Would you return, word for word, the lines of the data below from the line with "and \<Gamma> \<Delta> :: real" through the line with "a, x')\<in>UNIV. D", and no others?

[Stored items]
= = =

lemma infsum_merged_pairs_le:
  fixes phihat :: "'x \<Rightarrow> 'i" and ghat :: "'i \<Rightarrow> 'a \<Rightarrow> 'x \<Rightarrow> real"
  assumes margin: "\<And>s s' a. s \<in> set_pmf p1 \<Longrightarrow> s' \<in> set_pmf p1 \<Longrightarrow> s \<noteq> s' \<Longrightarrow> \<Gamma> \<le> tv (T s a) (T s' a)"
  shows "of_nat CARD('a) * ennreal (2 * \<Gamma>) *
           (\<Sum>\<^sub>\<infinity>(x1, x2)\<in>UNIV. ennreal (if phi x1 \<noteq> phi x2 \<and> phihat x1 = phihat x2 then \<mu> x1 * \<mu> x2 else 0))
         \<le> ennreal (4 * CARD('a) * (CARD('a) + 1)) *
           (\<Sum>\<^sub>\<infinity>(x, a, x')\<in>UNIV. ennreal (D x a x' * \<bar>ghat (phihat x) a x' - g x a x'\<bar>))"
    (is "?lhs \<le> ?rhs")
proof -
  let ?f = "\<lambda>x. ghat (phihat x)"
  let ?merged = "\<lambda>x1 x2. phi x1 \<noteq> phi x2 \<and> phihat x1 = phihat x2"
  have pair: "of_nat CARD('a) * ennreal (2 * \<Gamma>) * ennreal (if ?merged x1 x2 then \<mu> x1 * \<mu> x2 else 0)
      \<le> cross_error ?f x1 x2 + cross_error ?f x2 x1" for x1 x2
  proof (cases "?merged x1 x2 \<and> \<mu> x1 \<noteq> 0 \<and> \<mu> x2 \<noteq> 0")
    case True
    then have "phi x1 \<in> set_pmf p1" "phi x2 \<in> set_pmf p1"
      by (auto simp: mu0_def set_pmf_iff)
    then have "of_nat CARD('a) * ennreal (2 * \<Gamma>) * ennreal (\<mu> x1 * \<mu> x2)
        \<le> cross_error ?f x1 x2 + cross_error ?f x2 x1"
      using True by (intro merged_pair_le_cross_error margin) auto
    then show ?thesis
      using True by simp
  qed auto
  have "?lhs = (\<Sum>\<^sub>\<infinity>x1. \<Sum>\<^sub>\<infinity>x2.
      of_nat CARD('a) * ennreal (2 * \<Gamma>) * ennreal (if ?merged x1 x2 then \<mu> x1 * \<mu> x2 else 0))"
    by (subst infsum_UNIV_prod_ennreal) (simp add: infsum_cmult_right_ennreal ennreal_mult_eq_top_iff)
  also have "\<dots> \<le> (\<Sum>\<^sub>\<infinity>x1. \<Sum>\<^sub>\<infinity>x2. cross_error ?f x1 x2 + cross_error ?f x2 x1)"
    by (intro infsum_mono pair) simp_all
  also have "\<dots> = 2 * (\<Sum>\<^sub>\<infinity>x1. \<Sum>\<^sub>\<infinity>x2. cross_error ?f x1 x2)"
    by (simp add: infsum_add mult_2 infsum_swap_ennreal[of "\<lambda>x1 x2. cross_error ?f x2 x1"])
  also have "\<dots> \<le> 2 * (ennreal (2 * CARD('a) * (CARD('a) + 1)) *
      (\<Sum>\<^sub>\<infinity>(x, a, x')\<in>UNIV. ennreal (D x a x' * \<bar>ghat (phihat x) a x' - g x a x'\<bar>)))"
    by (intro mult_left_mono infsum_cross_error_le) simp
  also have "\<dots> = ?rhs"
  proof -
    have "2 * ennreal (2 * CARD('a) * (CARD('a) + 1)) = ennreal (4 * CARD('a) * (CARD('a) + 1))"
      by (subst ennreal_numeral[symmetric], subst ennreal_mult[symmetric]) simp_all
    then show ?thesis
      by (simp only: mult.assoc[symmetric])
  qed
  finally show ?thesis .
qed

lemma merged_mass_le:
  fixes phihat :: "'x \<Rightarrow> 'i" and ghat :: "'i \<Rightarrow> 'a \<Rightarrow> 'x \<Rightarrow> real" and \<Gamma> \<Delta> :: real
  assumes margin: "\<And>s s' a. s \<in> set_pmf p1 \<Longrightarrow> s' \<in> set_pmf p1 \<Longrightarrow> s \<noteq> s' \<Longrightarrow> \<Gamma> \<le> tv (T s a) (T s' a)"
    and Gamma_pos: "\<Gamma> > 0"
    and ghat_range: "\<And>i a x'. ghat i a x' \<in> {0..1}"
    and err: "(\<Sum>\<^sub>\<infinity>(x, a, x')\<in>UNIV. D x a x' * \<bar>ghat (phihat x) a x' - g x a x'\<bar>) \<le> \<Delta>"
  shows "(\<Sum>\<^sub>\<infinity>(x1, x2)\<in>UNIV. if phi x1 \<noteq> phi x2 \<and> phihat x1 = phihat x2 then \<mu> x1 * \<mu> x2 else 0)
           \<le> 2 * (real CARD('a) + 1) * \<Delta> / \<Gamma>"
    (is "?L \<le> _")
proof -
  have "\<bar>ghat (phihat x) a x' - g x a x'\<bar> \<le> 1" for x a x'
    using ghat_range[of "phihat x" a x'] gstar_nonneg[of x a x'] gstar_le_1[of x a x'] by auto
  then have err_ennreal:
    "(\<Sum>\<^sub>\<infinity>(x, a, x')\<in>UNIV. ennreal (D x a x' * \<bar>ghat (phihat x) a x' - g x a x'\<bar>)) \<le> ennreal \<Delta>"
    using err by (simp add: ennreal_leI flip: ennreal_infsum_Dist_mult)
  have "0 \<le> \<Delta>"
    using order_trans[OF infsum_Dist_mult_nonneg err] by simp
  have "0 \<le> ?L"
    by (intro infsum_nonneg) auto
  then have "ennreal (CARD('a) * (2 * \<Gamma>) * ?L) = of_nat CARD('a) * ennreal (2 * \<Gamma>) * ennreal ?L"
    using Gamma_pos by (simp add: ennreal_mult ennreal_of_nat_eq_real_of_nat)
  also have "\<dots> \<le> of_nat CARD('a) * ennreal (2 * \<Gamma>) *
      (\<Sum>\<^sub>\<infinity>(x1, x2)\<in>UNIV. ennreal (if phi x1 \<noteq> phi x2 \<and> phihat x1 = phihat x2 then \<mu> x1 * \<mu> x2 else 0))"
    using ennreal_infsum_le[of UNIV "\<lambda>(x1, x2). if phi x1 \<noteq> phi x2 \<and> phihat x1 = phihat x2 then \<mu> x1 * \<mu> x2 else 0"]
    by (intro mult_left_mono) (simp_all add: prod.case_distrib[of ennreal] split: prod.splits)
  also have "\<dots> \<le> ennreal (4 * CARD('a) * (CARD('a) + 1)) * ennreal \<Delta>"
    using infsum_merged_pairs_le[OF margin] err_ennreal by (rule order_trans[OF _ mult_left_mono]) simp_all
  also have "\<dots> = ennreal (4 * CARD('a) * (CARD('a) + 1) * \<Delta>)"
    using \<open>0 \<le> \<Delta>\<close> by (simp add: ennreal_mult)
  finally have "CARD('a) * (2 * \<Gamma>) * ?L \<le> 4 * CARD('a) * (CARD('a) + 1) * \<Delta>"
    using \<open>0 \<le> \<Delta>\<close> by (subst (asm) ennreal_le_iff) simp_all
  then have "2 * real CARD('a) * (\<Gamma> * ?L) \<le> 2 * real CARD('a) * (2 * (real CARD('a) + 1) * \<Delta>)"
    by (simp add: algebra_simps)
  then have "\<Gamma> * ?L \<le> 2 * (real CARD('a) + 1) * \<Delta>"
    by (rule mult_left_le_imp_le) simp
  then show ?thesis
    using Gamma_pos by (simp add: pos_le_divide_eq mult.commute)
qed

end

= = =

Expected output
  fixes phihat :: "'x \<Rightarrow> 'i" and ghat :: "'i \<Rightarrow> 'a \<Rightarrow> 'x \<Rightarrow> real" and \<Gamma> \<Delta> :: real
  assumes margin: "\<And>s s' a. s \<in> set_pmf p1 \<Longrightarrow> s' \<in> set_pmf p1 \<Longrightarrow> s \<noteq> s' \<Longrightarrow> \<Gamma> \<le> tv (T s a) (T s' a)"
    and Gamma_pos: "\<Gamma> > 0"
    and ghat_range: "\<And>i a x'. ghat i a x' \<in> {0..1}"
    and err: "(\<Sum>\<^sub>\<infinity>(x, a, x')\<in>UNIV. D x a x' * \<bar>ghat (phihat x) a x' - g x a x'\<bar>) \<le> \<Delta>"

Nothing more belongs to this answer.